Keywords: Peritoneal dialysis, biocompatible dialysis fluids, hydration status, bioimpedance spectroscopy
Peritoneal dialysis (PD) is among the major methods of renal replacement therapy. Since the times of Georg Ganter, who first attempted PD to treat a patient with kidney disease in 1923, there has been a continuous search for an optimal dialysis fluid that would be both effective and safe. The introduction of so-called biocompatible fluids seemed to be a major step in this quest. In comparison with standard dialysis fluids, biocompatible fluids are characterized by a neutral or nearly neutral pH, low concentration of glucose degradation products (GDPs), and, in some cases, bicarbonates instead of lactate used as a buffer. However, the initial enthusiasm has recently given way to more or less pronounced skepticism as studies evaluating biocompatible solutions have produced conflicting results as to the hydration status (HS) of treated patients, the preservation of residual renal function (RRF), and the risk of dialysis-related peritonitis (1). Given these uncertainties, the present study was undertaken to assess the impact of a biocompatible dialysis fluid on the HS of PD subjects.
Methods
Study Population
The study was a single-center prospective evaluation that included 18 adult prevalent PD patients. Exclusion criteria were as follows: dialysis-related complications within the 8 weeks preceding the analysis, more than 2 peritonitis episodes within 6 months prior to baseline, presence of an implantable cardioverter-defibrillator, a pacemaker, or a coronary stent, and limb amputations. All patients were initially dialyzed with a standard glucose-based dialysis fluid (stay•safe; Fresenius, Bad Homburg, Germany). Nine subjects were transferred to a low-GDP biocompatible fluid (Balance; Fresenius Medical Care, Bad Homburg, Germany) at baseline, the other 9 remained on the previous dialysis prescription. The observation period was 24 months. All the patients were treated with 1.5% glucose fluids, 4 exchanges per day, throughout the evaluation period. The causes of primary kidney disease in patients switched to the low-GDP fluids were primary glomerulonephritis in 4 patients, diabetic nephropathy in 3 cases, lupus nephritis in 2 subjects, and vasculitis in 1 patient. In the control group, they were primary glomerulonephritis in 5 subjects, diabetic nephropathy in 3 patients, hypertensive nephropathy in 1 case, and autosomal dominant polycystic kidney disease in 1 patient. All of them were diagnosed with arterial hypertension and received medication, including low-dose angiotensin-converting-enzyme (ACE)-inhibitor in every patient. Prescribed medication did not change during the study. The patients received 120 – 160 mg of furosemide daily; its use did not differ between the groups and did not change during the study. Informed consent was obtained from each patient. The local ethics committee approved the study protocol.

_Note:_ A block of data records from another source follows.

lemma less_3_cases: "(b :: nat) < 3 \<longleftrightarrow> b = 0 \<or> b = 1 \<or> b = 2"
  by auto

lemma twist_less_3: "b < 3 \<Longrightarrow> twist c b < 3"
  by (simp add: twist_def)

lemma twist_add: "b < 3 \<Longrightarrow> d < 3 \<Longrightarrow> twist c ((b + d) mod 3) = (twist c b + twist c d) mod 3"
  by (auto simp: twist_def less_3_cases)

lemma twist_twist: "b < 3 \<Longrightarrow> twist e (twist c b) = twist (c + e) b"
  by (auto simp: twist_def less_3_cases)

lemma twist_mod_double: "twist (c mod (2 * m)) b = twist c b"
  by (simp add: twist_def dvd_mod_iff)

lemma U6m_carrier: "carrier (U6m m) = {0..<2*m} \<times> {0..<3}"
  by (simp add: U6m_def)

lemma U6m_one: "\<one>\<^bsub>U6m m\<^esub> = (0, 0)"
  by (simp add: U6m_def)

lemma U6m_mult: "(a, b) \<otimes>\<^bsub>U6m m\<^esub> (c, d) = ((a + c) mod (2*m), (twist c b + d) mod 3)"
  by (simp add: U6m_def twist_def)

lemma U6m_assoc:
  assumes "b < 3" "d < 3"
  shows "(a, b) \<otimes>\<^bsub>U6m m\<^esub> (c, d) \<otimes>\<^bsub>U6m m\<^esub> (e, f) = (a, b) \<otimes>\<^bsub>U6m m\<^esub> ((c, d) \<otimes>\<^bsub>U6m m\<^esub> (e, f))"
proof -
  have "((a + c) mod (2*m) + e) mod (2*m) = (a + (c + e) mod (2*m)) mod (2*m)"
    by (simp add: mod_add_left_eq mod_add_right_eq add.assoc)
  moreover have "(twist e ((twist c b + d) mod 3) + f) mod 3 = (twist (c + e) b + twist e d + f) mod 3"
    using assms by (simp add: twist_add twist_less_3 twist_twist mod_add_left_eq)
  moreover have "(twist ((c + e) mod (2*m)) b + (twist e d + f) mod 3) mod 3 = (twist (c + e) b + twist e d + f) mod 3"
    by (simp add: twist_mod_double mod_add_right_eq add.assoc)
  ultimately show ?thesis
    by (simp add: U6m_mult)
qed

lemma U6m_inv_mult:
  assumes "a < 2*m" "b < 3"
  shows "((2*m - a) mod (2*m), twist (Suc a) b) \<otimes>\<^bsub>U6m m\<^esub> (a, b) = \<one>\<^bsub>U6m m\<^esub>"
  using assms by (auto simp: U6m_mult U6m_one mod_add_left_eq twist_def less_3_cases)
lemma pos_semidef_inv_mult_inv_shift:
  fixes F :: "complex^'n^'n"
  assumes pd: "pos_def F" and herm: "hadj F = F" and "0 \<le> d"
  shows "pos_semidef (matrix_inv F ** matrix_inv (F + mat (complex_of_real d)))"
  unfolding pos_semidef_def
proof
  fix y :: "complex^'n"
  let ?G = "F + mat (complex_of_real d)"
  have inv: "invertible F" "invertible ?G"
    using pd pos_def_add_pos_semidef pos_semidef_mat \<open>0 \<le> d\<close> by (auto intro: pos_def_invertible)
  define w where "w = matrix_inv ?G *v y"
  define z where "z = matrix_inv F *v w"
  have "y = ?G *v w"
    using inv by (simp add: w_def matrix_vector_mul_assoc matrix_inv_right)
  then have y: "y = F *v w + complex_of_real d *s w"
    by (simp add: matrix_vector_mult_add_rdistrib mat_vector_mult)
  have w: "w = F *v z"
    using inv by (simp add: z_def matrix_vector_mul_assoc matrix_inv_right)
  have "cinner z (F *v w) = cinner (F *v z) w"
    using cinner_hadj[of z F w] herm by simp
  then have "cinner z y = complex_of_real ((norm w)\<^sup>2) + complex_of_real d * herm_form F z"
    by (simp add: y cinner_add_right cinner_scale_right cinner_self herm_form_def flip: w)
  moreover have "herm_form (matrix_inv F ** matrix_inv ?G) y = cnj (cinner z y)"
    by (simp add: herm_form_def z_def w_def matrix_vector_mul_assoc cinner_commute[of y])
  ultimately show "Im (herm_form (matrix_inv F ** matrix_inv ?G) y) = 0
      \<and> 0 \<le> Re (herm_form (matrix_inv F ** matrix_inv ?G) y)"
    using pos_def_imp_pos_semidef[OF pd] \<open>0 \<le> d\<close> unfolding pos_semidef_def by simp
qed
lemma coeff2_calY_generating_poly:
  assumes "n > 0"
  shows "of_nat n ^ 2 * coeff2 (calY_generating_poly n) s r
    = of_nat (n choose s) * of_nat ((n - s) choose (r + 1))
      + (-1) ^ r * of_nat (n choose (s + 2 * (r + 1))) * of_nat (waring_coeff s (r + 1))"
proof -
  define K where "K = s + 2 * (r + 1)"
  have sign: "(-1) ^ K * (-1) ^ (s + (r + 1)) = - ((-1) ^ r :: complex)"
  proof -
    have "(-1) ^ K * (-1) ^ (s + (r + 1)) = ((-1) ^ (2 * (s + r + 1) + (r + 1)) :: complex)"
      unfolding power_add[symmetric] by (simp add: K_def algebra_simps)
    then show ?thesis
      by (simp add: power_add power_mult)
  qed
  have "of_nat n ^ 2 * coeff2 (calY_generating_poly n) s r
      = coeff2 (const2 (of_nat n ^ 2) * uvar * calY_generating_poly n) s (r + 1)"
    by (simp add: mult.assoc coeff2_uvar_mult)
  also have "\<dots> = of_nat (n choose s) * of_nat ((n - s) choose (r + 1))
      - (\<Sum>N\<le>n. of_nat (n choose N) * (-1) ^ N
          * (if N = K then (-1) ^ (s + (r + 1)) * of_nat (waring_coeff s (r + 1)) else 0))"
    unfolding calY_generating_poly_identity[OF assms]
    by (simp add: coeff2_trinomial_power coeff2_power_sum2 K_def mult.assoc cong: if_cong)
  also have "\<dots> = of_nat (n choose s) * of_nat ((n - s) choose (r + 1))
      - of_nat (n choose K) * ((-1) ^ K * (-1) ^ (s + (r + 1))) * of_nat (waring_coeff s (r + 1))"
    by (cases "K \<le> n") (simp_all add: if_distrib[of "\<lambda>x. _ * x"] binomial_eq_0 mult_ac cong: if_cong)
  also have "\<dots> = of_nat (n choose s) * of_nat ((n - s) choose (r + 1))
      + (-1) ^ r * of_nat (n choose K) * of_nat (waring_coeff s (r + 1))"
    unfolding sign by simp
  finally show ?thesis
    by (simp only: K_def)
qed

lemma Suc_times_choose_mult_choose:
  assumes "r \<le> m"
  shows "(r + 1) * ((n choose (m - r)) * ((n - (m - r)) choose (r + 1)))
    = n * ((m choose r) * ((n - 1) choose m))"
proof (cases "m + 1 \<le> n")
  case True
  have "(m + 1) choose (m - r) = (m + 1) choose (r + 1)"
    using binomial_symmetric[of "r + 1" "m + 1"] assms by (simp add: Suc_diff_le)
  moreover have "m + 1 - (m - r) = r + 1"
    using assms by simp
  ultimately have trinomial_revision:
    "(n choose (m - r)) * ((n - (m - r)) choose (r + 1)) = (n choose (m + 1)) * ((m + 1) choose (r + 1))"
    using choose_mult[of "m - r" "m + 1" n] True by simp
  have absorb_m: "(r + 1) * ((m + 1) choose (r + 1)) = (m + 1) * (m choose r)"
    using Suc_times_binomial[of r m] by simp
  have absorb_n: "(m + 1) * (n choose (m + 1)) = n * ((n - 1) choose m)"
    using times_binomial_minus1_eq[of "m + 1" n] by simp
  have "(r + 1) * ((n choose (m - r)) * ((n - (m - r)) choose (r + 1)))
      = (n choose (m + 1)) * ((r + 1) * ((m + 1) choose (r + 1)))"
    unfolding trinomial_revision by (simp only: mult_ac)
  also have "\<dots> = ((m + 1) * (n choose (m + 1))) * (m choose r)"
    unfolding absorb_m by (simp only: mult_ac)
  finally show ?thesis
    unfolding absorb_n by (simp only: mult_ac)
next
  case False
  then show ?thesis
    using assms by (cases "m - r \<le> n") (auto simp: binomial_eq_0)
qed

lemma Suc_times_choose_mult_waring_coeff:
  assumes "r \<le> m"
  shows "(r + 1) * ((n choose (m + r + 2)) * waring_coeff (m - r) (r + 1))
    = n * ((m choose r) * ((n - 1) choose (m + r + 1)))"
proof -
  have "waring_coeff (m - r) (r + 1) = ((m + 1) choose (r + 1)) + (m choose r)"
    using assms binomial_symmetric[of r m] by (simp add: waring_coeff_def Suc_diff_le)
  moreover have "(r + 1) * ((m + 1) choose (r + 1)) = (m + 1) * (m choose r)"
    using Suc_times_binomial[of r m] by simp
  ultimately have absorb_m: "(r + 1) * waring_coeff (m - r) (r + 1) = (m + r + 2) * (m choose r)"
    by (simp add: algebra_simps)
  have absorb_n: "(m + r + 2) * (n choose (m + r + 2)) = n * ((n - 1) choose (m + r + 1))"
    using times_binomial_minus1_eq[of "m + r + 2" n] by simp
  have "(r + 1) * ((n choose (m + r + 2)) * waring_coeff (m - r) (r + 1))
      = ((m + r + 2) * (n choose (m + r + 2))) * (m choose r)"
    unfolding mult.left_commute[of "r + 1"] absorb_m by (simp only: mult_ac)
  then show ?thesis
    unfolding absorb_n by (simp only: mult_ac)
qed

lemma coeff2_calY_generating_poly_closed_form:
  assumes "n > 0" and "r \<le> m"
  shows "of_nat (r + 1) * of_nat n * coeff2 (calY_generating_poly n) (m - r) r
    = of_nat (m choose r) * (of_nat ((n - 1) choose m) + (-1) ^ r * of_nat ((n - 1) choose (m + r + 1)))"
proof -
  have exponent: "m - r + 2 * (r + 1) = m + r + 2"
    using assms(2) by simp
  have "of_nat n * (of_nat (r + 1) * of_nat n * coeff2 (calY_generating_poly n) (m - r) r)
      = of_nat (r + 1) * (of_nat n ^ 2 * coeff2 (calY_generating_poly n) (m - r) r)"
    by (simp add: power2_eq_square mult_ac)
  also have "\<dots> = of_nat ((r + 1) * ((n choose (m - r)) * ((n - (m - r)) choose (r + 1))))
      + (-1) ^ r * of_nat ((r + 1) * ((n choose (m + r + 2)) * waring_coeff (m - r) (r + 1)))"
    unfolding coeff2_calY_generating_poly[OF assms(1)] exponent of_nat_mult
    by (simp only: distrib_left mult_ac)
  also have "\<dots> = of_nat n * (of_nat (m choose r)
      * (of_nat ((n - 1) choose m) + (-1) ^ r * of_nat ((n - 1) choose (m + r + 1))))"
    unfolding Suc_times_choose_mult_choose[OF assms(2)] Suc_times_choose_mult_waring_coeff[OF assms(2)]
      of_nat_mult
    by (simp only: distrib_left mult_ac)
  finally show ?thesis
    using assms(1) by simp
qed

Assessment of Hydration Status
The assessment of patients' hydration status (HS) included a physical examination, data on body weight, systolic and diastolic blood pressure, dialysis ultrafiltration, and urine volume. Furthermore, a bioimpedance spectroscopy was performed with a Body Composition Monitor (BCM) (Fresenius Medical Care, Bad Homburg, Germany). The analysis included evaluation of total body water (TBW), extracellular water (ECW), intracellular water (ICW), and HS. The physical examination and bioimpedance analysis were performed at baseline, and at months 6, 12, and 24 of the study period.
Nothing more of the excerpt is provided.